+++ Material for this exercise +++

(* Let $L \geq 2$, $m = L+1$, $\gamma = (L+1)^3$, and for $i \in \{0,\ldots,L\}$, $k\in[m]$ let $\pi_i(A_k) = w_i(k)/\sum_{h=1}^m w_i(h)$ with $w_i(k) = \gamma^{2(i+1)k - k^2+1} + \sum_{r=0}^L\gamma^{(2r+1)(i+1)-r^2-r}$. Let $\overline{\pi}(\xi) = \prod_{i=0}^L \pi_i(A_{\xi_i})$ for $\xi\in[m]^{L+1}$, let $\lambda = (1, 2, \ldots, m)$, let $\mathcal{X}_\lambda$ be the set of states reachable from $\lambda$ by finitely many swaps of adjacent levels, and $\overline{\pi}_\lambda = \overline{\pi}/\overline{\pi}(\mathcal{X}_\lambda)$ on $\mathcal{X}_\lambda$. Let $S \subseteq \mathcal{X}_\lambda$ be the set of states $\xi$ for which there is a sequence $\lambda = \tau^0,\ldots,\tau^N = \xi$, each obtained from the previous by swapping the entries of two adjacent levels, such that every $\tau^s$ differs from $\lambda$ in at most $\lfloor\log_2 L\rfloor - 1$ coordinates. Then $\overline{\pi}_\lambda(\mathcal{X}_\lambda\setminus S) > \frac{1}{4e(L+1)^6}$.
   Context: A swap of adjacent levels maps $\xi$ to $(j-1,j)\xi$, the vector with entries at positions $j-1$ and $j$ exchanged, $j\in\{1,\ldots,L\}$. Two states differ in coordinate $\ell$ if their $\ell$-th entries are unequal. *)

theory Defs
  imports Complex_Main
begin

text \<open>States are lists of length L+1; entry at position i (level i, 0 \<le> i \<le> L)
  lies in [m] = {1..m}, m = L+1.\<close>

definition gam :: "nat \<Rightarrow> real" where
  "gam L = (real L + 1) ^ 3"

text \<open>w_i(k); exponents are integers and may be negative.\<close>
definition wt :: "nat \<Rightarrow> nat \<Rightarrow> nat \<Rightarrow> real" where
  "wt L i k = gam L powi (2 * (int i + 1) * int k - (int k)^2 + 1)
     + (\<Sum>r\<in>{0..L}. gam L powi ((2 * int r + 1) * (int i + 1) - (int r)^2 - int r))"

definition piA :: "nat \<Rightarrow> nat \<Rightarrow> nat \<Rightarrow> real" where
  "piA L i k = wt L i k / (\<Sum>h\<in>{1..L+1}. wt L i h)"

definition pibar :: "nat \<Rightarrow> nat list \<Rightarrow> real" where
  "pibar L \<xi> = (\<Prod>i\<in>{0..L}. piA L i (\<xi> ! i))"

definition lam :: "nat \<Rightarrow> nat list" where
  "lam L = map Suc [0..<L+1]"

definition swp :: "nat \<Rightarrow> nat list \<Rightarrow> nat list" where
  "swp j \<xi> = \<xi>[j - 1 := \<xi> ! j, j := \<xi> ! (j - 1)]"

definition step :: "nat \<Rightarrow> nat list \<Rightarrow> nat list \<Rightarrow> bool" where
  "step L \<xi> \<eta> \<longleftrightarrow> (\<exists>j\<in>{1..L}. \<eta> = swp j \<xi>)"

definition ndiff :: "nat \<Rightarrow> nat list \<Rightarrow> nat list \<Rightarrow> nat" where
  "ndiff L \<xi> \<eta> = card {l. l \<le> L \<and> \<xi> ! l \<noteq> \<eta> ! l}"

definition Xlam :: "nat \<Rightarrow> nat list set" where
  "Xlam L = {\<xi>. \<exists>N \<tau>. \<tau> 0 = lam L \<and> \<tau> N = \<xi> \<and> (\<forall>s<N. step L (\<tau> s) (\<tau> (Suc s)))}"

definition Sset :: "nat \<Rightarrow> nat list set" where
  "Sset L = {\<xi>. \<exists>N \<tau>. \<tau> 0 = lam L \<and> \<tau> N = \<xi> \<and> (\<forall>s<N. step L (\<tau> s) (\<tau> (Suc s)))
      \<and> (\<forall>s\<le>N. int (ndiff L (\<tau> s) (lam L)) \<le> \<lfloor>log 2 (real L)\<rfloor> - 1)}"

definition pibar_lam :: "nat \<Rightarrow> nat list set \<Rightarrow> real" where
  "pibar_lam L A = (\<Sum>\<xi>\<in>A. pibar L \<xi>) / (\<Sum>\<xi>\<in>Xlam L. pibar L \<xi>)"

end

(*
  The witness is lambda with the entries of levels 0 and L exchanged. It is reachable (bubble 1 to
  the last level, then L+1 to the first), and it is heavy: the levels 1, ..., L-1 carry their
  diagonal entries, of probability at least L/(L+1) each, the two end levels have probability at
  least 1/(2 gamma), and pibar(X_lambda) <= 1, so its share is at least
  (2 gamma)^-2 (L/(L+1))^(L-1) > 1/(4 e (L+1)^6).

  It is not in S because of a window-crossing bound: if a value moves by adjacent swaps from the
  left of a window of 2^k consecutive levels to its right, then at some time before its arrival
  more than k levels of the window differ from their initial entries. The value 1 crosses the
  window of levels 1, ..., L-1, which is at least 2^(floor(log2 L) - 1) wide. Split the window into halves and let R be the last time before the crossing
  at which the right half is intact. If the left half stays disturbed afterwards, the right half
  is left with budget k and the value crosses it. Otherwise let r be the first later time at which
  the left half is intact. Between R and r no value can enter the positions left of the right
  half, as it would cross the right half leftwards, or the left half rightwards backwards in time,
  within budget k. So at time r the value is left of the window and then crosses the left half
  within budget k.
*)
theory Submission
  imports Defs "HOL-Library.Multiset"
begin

+++
+++ Material for this exercise +++

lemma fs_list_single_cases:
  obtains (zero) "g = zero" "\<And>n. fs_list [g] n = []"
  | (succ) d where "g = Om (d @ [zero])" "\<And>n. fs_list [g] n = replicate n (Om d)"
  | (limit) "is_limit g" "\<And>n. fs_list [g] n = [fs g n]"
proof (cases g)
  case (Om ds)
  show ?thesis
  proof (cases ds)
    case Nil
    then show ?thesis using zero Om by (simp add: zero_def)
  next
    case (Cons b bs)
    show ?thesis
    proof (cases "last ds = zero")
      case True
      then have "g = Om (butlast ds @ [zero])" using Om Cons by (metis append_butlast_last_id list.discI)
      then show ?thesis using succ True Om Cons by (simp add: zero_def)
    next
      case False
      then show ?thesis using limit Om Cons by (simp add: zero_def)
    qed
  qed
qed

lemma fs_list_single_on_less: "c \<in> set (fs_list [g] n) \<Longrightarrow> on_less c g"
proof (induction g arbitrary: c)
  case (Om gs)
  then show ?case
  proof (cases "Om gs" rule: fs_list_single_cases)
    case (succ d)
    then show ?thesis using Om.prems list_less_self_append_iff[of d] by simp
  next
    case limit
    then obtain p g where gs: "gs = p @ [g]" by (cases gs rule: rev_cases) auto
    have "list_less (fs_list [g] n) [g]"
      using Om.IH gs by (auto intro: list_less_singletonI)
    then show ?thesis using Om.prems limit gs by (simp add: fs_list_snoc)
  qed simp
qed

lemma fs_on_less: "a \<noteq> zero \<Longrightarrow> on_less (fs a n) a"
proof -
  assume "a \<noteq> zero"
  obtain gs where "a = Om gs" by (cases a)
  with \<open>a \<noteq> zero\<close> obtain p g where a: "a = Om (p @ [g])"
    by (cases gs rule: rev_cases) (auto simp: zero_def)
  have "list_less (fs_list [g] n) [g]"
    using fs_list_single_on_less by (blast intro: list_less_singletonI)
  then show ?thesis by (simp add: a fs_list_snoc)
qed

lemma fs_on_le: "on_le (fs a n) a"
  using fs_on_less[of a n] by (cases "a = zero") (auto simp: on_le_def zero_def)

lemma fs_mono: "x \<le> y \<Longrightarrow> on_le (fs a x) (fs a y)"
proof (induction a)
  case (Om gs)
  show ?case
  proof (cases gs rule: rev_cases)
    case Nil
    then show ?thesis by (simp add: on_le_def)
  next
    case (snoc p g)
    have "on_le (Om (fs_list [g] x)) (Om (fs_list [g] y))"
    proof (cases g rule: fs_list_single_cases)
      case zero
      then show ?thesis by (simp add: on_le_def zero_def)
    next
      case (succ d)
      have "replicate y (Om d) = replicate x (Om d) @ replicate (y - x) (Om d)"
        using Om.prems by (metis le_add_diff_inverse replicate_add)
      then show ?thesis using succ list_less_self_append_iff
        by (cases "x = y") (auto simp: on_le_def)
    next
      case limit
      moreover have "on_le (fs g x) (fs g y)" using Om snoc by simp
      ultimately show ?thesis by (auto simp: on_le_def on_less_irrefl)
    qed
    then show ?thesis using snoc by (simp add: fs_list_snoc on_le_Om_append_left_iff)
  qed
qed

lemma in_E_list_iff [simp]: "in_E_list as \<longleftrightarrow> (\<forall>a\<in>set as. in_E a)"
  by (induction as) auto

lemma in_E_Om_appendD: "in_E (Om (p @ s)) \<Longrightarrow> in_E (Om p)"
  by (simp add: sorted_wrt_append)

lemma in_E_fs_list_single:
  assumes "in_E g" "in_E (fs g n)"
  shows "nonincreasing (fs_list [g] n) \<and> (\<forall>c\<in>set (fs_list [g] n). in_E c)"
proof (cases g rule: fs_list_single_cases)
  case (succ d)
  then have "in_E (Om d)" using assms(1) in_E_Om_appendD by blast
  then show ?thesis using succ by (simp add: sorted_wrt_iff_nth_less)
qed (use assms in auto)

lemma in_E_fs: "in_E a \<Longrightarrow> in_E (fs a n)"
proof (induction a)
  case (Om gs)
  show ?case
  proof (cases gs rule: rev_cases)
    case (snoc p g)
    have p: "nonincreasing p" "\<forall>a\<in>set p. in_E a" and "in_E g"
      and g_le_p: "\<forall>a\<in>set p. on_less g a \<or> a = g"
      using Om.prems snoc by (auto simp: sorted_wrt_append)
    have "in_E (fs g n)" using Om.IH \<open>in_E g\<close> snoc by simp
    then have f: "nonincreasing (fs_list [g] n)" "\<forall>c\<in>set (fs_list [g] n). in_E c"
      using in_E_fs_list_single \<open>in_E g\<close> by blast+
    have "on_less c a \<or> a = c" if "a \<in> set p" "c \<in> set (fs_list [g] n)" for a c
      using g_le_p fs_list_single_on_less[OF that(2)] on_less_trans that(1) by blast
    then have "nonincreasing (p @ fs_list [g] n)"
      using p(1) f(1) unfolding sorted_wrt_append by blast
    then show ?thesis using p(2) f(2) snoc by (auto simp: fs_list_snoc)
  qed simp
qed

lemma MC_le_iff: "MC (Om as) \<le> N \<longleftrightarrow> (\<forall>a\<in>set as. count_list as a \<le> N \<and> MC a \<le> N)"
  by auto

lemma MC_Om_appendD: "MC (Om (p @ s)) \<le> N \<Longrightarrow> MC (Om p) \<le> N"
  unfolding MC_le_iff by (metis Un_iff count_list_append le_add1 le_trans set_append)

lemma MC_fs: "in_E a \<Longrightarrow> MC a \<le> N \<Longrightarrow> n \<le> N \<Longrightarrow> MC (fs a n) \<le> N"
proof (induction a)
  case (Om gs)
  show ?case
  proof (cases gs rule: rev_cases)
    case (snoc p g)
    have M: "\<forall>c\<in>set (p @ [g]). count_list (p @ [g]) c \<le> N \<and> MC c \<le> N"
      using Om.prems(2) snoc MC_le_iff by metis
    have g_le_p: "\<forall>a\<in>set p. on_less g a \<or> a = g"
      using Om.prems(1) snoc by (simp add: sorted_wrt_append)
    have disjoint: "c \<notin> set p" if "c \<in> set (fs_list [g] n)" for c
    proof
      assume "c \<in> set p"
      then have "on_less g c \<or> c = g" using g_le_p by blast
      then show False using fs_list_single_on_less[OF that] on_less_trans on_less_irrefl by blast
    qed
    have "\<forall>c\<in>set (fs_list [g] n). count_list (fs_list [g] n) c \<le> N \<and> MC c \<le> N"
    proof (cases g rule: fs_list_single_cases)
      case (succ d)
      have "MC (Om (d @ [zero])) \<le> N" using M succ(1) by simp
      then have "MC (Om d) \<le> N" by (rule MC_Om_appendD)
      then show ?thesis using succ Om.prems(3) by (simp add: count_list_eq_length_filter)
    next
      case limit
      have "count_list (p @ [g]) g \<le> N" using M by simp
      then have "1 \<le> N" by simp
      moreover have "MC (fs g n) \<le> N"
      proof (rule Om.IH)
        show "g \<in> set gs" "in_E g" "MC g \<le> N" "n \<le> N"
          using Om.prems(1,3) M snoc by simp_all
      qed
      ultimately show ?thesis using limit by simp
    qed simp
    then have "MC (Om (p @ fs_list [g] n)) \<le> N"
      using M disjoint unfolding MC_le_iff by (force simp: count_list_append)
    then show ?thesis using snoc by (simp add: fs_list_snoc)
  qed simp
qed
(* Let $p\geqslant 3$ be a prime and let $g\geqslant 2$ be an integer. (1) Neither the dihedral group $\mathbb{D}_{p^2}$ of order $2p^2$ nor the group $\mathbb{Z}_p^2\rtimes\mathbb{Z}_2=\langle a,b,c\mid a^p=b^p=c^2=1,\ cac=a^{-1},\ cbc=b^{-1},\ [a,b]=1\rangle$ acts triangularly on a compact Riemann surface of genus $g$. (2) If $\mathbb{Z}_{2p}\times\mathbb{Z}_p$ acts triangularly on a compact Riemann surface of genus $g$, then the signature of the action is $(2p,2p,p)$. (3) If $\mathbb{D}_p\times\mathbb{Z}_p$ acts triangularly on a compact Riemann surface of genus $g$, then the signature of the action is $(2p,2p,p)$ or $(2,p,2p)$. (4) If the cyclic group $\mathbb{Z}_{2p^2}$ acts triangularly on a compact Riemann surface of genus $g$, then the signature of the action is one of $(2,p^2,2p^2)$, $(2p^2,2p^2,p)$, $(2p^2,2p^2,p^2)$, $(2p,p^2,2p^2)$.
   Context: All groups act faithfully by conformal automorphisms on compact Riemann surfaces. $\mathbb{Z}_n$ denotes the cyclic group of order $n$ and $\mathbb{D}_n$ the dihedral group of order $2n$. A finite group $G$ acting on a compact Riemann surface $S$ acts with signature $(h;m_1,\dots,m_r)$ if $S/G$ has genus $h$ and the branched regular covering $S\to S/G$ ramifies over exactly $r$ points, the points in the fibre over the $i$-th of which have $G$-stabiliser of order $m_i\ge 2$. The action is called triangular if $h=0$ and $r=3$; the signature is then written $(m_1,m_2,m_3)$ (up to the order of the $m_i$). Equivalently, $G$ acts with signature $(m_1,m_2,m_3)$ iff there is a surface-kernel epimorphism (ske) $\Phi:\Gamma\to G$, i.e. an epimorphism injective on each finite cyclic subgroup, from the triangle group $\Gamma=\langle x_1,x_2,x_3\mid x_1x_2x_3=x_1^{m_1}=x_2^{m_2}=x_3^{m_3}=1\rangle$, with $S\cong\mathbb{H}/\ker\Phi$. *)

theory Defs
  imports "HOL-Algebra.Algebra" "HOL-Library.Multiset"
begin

+++
+++ Material for this exercise +++

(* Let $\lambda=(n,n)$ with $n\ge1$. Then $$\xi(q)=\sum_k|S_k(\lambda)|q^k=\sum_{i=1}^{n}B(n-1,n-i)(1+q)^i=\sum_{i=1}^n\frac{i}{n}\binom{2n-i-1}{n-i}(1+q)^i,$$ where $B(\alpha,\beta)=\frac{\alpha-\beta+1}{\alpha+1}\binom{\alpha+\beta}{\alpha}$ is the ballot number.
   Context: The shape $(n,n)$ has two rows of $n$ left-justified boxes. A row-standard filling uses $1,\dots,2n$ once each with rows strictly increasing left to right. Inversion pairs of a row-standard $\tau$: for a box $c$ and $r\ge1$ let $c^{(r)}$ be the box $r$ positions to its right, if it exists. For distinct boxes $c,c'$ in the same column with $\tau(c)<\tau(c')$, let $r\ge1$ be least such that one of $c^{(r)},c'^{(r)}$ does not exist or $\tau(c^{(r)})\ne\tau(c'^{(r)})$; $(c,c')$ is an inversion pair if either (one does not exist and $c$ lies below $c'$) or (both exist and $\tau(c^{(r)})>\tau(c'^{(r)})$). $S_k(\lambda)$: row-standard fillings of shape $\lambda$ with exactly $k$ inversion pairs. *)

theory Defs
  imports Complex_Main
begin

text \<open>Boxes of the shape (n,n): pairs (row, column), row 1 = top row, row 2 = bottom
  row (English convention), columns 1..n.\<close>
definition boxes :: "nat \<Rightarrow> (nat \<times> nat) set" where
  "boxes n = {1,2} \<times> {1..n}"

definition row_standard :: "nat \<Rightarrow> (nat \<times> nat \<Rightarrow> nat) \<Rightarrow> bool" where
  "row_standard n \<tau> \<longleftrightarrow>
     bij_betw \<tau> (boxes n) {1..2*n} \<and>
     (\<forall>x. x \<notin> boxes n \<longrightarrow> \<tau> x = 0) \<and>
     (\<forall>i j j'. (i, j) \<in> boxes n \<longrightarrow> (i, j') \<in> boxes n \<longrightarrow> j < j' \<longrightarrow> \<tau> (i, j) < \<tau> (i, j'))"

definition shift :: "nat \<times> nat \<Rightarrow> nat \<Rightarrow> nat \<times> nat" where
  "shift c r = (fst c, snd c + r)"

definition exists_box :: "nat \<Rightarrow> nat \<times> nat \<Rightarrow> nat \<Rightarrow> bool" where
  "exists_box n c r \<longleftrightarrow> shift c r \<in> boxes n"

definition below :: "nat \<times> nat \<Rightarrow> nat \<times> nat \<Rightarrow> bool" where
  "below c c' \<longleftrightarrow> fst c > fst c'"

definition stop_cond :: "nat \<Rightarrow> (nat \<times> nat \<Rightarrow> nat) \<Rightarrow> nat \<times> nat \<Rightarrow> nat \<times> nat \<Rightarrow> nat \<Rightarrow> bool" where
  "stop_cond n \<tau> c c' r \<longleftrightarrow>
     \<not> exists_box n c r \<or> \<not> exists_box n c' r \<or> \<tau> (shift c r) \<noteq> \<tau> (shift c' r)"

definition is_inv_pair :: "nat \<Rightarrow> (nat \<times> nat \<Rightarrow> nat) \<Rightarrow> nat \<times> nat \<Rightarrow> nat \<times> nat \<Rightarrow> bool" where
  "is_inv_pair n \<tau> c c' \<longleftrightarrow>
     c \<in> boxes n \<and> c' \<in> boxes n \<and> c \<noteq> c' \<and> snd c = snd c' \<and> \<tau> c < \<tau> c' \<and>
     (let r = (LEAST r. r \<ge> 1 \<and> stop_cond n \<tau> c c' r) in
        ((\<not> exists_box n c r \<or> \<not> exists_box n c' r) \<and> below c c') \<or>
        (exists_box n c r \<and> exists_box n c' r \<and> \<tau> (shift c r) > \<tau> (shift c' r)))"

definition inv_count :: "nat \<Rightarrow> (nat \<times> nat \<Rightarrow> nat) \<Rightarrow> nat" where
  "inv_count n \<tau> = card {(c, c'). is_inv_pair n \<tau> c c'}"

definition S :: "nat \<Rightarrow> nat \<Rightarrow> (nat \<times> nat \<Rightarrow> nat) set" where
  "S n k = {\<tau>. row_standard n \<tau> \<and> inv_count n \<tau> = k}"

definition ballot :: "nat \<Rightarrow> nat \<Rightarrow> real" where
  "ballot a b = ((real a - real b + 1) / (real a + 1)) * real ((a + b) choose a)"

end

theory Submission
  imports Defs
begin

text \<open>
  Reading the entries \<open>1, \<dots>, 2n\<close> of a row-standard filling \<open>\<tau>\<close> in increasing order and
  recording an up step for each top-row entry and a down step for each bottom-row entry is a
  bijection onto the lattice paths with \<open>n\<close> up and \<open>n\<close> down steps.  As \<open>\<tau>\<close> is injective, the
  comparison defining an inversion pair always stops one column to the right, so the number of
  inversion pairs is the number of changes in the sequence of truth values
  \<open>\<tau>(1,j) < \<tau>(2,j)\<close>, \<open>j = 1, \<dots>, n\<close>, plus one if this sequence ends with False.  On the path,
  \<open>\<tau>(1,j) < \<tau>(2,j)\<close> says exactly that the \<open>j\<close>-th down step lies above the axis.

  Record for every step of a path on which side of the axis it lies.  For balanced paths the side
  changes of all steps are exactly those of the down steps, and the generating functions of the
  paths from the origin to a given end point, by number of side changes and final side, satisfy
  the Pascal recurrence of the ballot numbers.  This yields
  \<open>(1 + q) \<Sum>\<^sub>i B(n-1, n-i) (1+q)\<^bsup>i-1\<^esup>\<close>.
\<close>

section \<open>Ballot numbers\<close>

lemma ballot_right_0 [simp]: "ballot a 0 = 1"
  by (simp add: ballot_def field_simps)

+++

About this task: Copy only this part of the entries above: the line with "then show ?thesis using snoc by (simp add: fs_list_snoc)", the line with "(* Let $p\geqslant", and the lines between, all exactly as written.

Answer to the problem:
    then show ?thesis using snoc by (simp add: fs_list_snoc)
  qed simp
qed
(* Let $p\geqslant 3$ be a prime and let $g\geqslant 2$ be an integer. (1) Neither the dihedral group $\mathbb{D}_{p^2}$ of order $2p^2$ nor the group $\mathbb{Z}_p^2\rtimes\mathbb{Z}_2=\langle a,b,c\mid a^p=b^p=c^2=1,\ cac=a^{-1},\ cbc=b^{-1},\ [a,b]=1\rangle$ acts triangularly on a compact Riemann surface of genus $g$. (2) If $\mathbb{Z}_{2p}\times\mathbb{Z}_p$ acts triangularly on a compact Riemann surface of genus $g$, then the signature of the action is $(2p,2p,p)$. (3) If $\mathbb{D}_p\times\mathbb{Z}_p$ acts triangularly on a compact Riemann surface of genus $g$, then the signature of the action is $(2p,2p,p)$ or $(2,p,2p)$. (4) If the cyclic group $\mathbb{Z}_{2p^2}$ acts triangularly on a compact Riemann surface of genus $g$, then the signature of the action is one of $(2,p^2,2p^2)$, $(2p^2,2p^2,p)$, $(2p^2,2p^2,p^2)$, $(2p,p^2,2p^2)$.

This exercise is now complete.